### Your task
Could you reproduce every record below exactly as it stands?
Segment Open
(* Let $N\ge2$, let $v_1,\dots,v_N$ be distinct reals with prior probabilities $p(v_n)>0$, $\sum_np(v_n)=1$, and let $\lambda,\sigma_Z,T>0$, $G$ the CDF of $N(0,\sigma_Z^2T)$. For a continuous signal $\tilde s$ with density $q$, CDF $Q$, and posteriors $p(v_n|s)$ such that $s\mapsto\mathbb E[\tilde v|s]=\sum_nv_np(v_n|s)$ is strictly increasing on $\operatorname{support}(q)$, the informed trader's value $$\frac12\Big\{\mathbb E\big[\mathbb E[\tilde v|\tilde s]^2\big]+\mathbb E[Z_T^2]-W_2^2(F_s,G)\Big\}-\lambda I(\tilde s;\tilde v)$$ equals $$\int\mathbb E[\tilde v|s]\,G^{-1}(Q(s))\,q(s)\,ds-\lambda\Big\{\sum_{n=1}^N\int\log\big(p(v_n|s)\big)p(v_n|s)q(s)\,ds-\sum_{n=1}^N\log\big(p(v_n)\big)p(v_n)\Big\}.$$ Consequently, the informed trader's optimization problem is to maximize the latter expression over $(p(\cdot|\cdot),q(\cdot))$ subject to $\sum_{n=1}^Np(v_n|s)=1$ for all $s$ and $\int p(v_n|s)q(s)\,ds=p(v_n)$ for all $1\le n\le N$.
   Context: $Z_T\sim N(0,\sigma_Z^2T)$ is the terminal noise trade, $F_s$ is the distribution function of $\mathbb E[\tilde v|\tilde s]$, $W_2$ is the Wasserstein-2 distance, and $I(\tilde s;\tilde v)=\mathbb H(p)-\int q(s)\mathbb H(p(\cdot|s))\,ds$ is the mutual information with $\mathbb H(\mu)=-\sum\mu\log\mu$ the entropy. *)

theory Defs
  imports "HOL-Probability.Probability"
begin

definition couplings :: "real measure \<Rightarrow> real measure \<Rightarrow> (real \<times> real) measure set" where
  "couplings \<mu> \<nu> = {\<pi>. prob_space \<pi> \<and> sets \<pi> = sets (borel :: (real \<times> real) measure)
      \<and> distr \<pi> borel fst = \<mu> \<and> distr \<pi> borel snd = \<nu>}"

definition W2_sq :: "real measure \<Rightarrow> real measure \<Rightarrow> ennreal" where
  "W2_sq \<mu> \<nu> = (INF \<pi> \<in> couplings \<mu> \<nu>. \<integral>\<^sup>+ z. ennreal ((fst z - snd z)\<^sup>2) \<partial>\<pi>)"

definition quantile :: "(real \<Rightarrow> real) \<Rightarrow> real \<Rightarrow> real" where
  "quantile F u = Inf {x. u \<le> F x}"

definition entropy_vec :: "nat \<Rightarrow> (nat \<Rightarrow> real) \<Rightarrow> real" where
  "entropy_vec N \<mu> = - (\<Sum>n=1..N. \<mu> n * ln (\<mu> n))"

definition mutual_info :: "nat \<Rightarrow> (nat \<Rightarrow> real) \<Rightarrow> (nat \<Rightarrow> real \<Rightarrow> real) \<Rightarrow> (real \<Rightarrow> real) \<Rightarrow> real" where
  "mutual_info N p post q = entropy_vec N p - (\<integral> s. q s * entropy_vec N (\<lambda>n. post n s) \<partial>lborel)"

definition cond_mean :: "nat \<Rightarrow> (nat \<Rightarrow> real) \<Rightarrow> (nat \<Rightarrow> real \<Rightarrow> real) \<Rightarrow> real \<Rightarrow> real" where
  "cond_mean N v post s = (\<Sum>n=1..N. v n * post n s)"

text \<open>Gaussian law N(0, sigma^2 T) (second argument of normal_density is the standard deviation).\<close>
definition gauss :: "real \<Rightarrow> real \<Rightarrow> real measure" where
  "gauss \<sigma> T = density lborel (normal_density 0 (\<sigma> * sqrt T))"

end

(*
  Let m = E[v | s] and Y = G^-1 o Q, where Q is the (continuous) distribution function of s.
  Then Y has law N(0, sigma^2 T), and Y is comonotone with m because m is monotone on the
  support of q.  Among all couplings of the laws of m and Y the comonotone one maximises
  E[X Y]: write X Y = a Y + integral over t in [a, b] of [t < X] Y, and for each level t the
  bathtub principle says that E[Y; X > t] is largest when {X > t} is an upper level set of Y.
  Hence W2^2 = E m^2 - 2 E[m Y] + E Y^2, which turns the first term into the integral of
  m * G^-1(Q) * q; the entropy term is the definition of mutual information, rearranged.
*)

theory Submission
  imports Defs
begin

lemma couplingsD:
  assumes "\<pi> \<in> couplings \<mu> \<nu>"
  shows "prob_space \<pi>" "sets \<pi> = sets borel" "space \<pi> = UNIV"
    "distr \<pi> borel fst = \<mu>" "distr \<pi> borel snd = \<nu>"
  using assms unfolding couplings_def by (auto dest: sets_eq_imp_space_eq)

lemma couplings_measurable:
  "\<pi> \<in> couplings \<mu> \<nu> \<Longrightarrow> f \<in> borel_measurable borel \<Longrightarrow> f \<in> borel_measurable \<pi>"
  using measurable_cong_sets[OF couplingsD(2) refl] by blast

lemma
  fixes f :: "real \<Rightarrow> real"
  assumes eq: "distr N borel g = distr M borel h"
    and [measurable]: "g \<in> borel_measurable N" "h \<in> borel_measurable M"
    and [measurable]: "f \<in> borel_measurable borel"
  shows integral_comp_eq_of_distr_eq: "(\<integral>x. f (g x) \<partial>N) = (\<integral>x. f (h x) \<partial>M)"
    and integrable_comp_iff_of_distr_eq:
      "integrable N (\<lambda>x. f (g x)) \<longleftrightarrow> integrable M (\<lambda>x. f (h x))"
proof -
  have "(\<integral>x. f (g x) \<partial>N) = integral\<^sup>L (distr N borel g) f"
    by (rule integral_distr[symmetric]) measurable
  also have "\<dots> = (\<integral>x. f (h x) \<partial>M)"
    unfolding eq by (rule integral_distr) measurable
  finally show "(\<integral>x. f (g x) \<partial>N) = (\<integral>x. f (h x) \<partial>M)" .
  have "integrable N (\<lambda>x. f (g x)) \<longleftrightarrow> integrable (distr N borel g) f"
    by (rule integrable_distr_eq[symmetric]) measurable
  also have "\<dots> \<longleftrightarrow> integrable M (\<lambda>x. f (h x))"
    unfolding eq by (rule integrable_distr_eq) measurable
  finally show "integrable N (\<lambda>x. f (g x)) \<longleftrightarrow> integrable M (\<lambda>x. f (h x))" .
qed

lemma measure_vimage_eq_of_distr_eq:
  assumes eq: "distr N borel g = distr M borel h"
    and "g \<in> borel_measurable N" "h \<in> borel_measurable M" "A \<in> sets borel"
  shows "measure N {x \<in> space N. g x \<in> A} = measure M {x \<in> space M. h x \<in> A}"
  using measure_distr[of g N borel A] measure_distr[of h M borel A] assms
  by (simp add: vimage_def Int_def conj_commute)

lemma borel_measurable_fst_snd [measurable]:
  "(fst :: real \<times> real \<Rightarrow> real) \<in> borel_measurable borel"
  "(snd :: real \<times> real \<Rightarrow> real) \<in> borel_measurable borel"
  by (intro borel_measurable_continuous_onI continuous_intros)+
Segment Closed
### Expected answer
(* Let $N\ge2$, let $v_1,\dots,v_N$ be distinct reals with prior probabilities $p(v_n)>0$, $\sum_np(v_n)=1$, and let $\lambda,\sigma_Z,T>0$, $G$ the CDF of $N(0,\sigma_Z^2T)$. For a continuous signal $\tilde s$ with density $q$, CDF $Q$, and posteriors $p(v_n|s)$ such that $s\mapsto\mathbb E[\tilde v|s]=\sum_nv_np(v_n|s)$ is strictly increasing on $\operatorname{support}(q)$, the informed trader's value $$\frac12\Big\{\mathbb E\big[\mathbb E[\tilde v|\tilde s]^2\big]+\mathbb E[Z_T^2]-W_2^2(F_s,G)\Big\}-\lambda I(\tilde s;\tilde v)$$ equals $$\int\mathbb E[\tilde v|s]\,G^{-1}(Q(s))\,q(s)\,ds-\lambda\Big\{\sum_{n=1}^N\int\log\big(p(v_n|s)\big)p(v_n|s)q(s)\,ds-\sum_{n=1}^N\log\big(p(v_n)\big)p(v_n)\Big\}.$$ Consequently, the informed trader's optimization problem is to maximize the latter expression over $(p(\cdot|\cdot),q(\cdot))$ subject to $\sum_{n=1}^Np(v_n|s)=1$ for all $s$ and $\int p(v_n|s)q(s)\,ds=p(v_n)$ for all $1\le n\le N$.
   Context: $Z_T\sim N(0,\sigma_Z^2T)$ is the terminal noise trade, $F_s$ is the distribution function of $\mathbb E[\tilde v|\tilde s]$, $W_2$ is the Wasserstein-2 distance, and $I(\tilde s;\tilde v)=\mathbb H(p)-\int q(s)\mathbb H(p(\cdot|s))\,ds$ is the mutual information with $\mathbb H(\mu)=-\sum\mu\log\mu$ the entropy. *)

theory Defs
  imports "HOL-Probability.Probability"
begin

definition couplings :: "real measure \<Rightarrow> real measure \<Rightarrow> (real \<times> real) measure set" where
  "couplings \<mu> \<nu> = {\<pi>. prob_space \<pi> \<and> sets \<pi> = sets (borel :: (real \<times> real) measure)
      \<and> distr \<pi> borel fst = \<mu> \<and> distr \<pi> borel snd = \<nu>}"

definition W2_sq :: "real measure \<Rightarrow> real measure \<Rightarrow> ennreal" where
  "W2_sq \<mu> \<nu> = (INF \<pi> \<in> couplings \<mu> \<nu>. \<integral>\<^sup>+ z. ennreal ((fst z - snd z)\<^sup>2) \<partial>\<pi>)"

definition quantile :: "(real \<Rightarrow> real) \<Rightarrow> real \<Rightarrow> real" where
  "quantile F u = Inf {x. u \<le> F x}"

definition entropy_vec :: "nat \<Rightarrow> (nat \<Rightarrow> real) \<Rightarrow> real" where
  "entropy_vec N \<mu> = - (\<Sum>n=1..N. \<mu> n * ln (\<mu> n))"

definition mutual_info :: "nat \<Rightarrow> (nat \<Rightarrow> real) \<Rightarrow> (nat \<Rightarrow> real \<Rightarrow> real) \<Rightarrow> (real \<Rightarrow> real) \<Rightarrow> real" where
  "mutual_info N p post q = entropy_vec N p - (\<integral> s. q s * entropy_vec N (\<lambda>n. post n s) \<partial>lborel)"

definition cond_mean :: "nat \<Rightarrow> (nat \<Rightarrow> real) \<Rightarrow> (nat \<Rightarrow> real \<Rightarrow> real) \<Rightarrow> real \<Rightarrow> real" where
  "cond_mean N v post s = (\<Sum>n=1..N. v n * post n s)"

text \<open>Gaussian law N(0, sigma^2 T) (second argument of normal_density is the standard deviation).\<close>
definition gauss :: "real \<Rightarrow> real \<Rightarrow> real measure" where
  "gauss \<sigma> T = density lborel (normal_density 0 (\<sigma> * sqrt T))"

end

(*
  Let m = E[v | s] and Y = G^-1 o Q, where Q is the (continuous) distribution function of s.
  Then Y has law N(0, sigma^2 T), and Y is comonotone with m because m is monotone on the
  support of q.  Among all couplings of the laws of m and Y the comonotone one maximises
  E[X Y]: write X Y = a Y + integral over t in [a, b] of [t < X] Y, and for each level t the
  bathtub principle says that E[Y; X > t] is largest when {X > t} is an upper level set of Y.
  Hence W2^2 = E m^2 - 2 E[m Y] + E Y^2, which turns the first term into the integral of
  m * G^-1(Q) * q; the entropy term is the definition of mutual information, rearranged.
*)

theory Submission
  imports Defs
begin

lemma couplingsD:
  assumes "\<pi> \<in> couplings \<mu> \<nu>"
  shows "prob_space \<pi>" "sets \<pi> = sets borel" "space \<pi> = UNIV"
    "distr \<pi> borel fst = \<mu>" "distr \<pi> borel snd = \<nu>"
  using assms unfolding couplings_def by (auto dest: sets_eq_imp_space_eq)

lemma couplings_measurable:
  "\<pi> \<in> couplings \<mu> \<nu> \<Longrightarrow> f \<in> borel_measurable borel \<Longrightarrow> f \<in> borel_measurable \<pi>"
  using measurable_cong_sets[OF couplingsD(2) refl] by blast

lemma
  fixes f :: "real \<Rightarrow> real"
  assumes eq: "distr N borel g = distr M borel h"
    and [measurable]: "g \<in> borel_measurable N" "h \<in> borel_measurable M"
    and [measurable]: "f \<in> borel_measurable borel"
  shows integral_comp_eq_of_distr_eq: "(\<integral>x. f (g x) \<partial>N) = (\<integral>x. f (h x) \<partial>M)"
    and integrable_comp_iff_of_distr_eq:
      "integrable N (\<lambda>x. f (g x)) \<longleftrightarrow> integrable M (\<lambda>x. f (h x))"
proof -
  have "(\<integral>x. f (g x) \<partial>N) = integral\<^sup>L (distr N borel g) f"
    by (rule integral_distr[symmetric]) measurable
  also have "\<dots> = (\<integral>x. f (h x) \<partial>M)"
    unfolding eq by (rule integral_distr) measurable
  finally show "(\<integral>x. f (g x) \<partial>N) = (\<integral>x. f (h x) \<partial>M)" .
  have "integrable N (\<lambda>x. f (g x)) \<longleftrightarrow> integrable (distr N borel g) f"
    by (rule integrable_distr_eq[symmetric]) measurable
  also have "\<dots> \<longleftrightarrow> integrable M (\<lambda>x. f (h x))"
    unfolding eq by (rule integrable_distr_eq) measurable
  finally show "integrable N (\<lambda>x. f (g x)) \<longleftrightarrow> integrable M (\<lambda>x. f (h x))" .
qed

lemma measure_vimage_eq_of_distr_eq:
  assumes eq: "distr N borel g = distr M borel h"
    and "g \<in> borel_measurable N" "h \<in> borel_measurable M" "A \<in> sets borel"
  shows "measure N {x \<in> space N. g x \<in> A} = measure M {x \<in> space M. h x \<in> A}"
  using measure_distr[of g N borel A] measure_distr[of h M borel A] assms
  by (simp add: vimage_def Int_def conj_commute)

lemma borel_measurable_fst_snd [measurable]:
  "(fst :: real \<times> real \<Rightarrow> real) \<in> borel_measurable borel"
  "(snd :: real \<times> real \<Rightarrow> real) \<in> borel_measurable borel"
  by (intro borel_measurable_continuous_onI continuous_intros)+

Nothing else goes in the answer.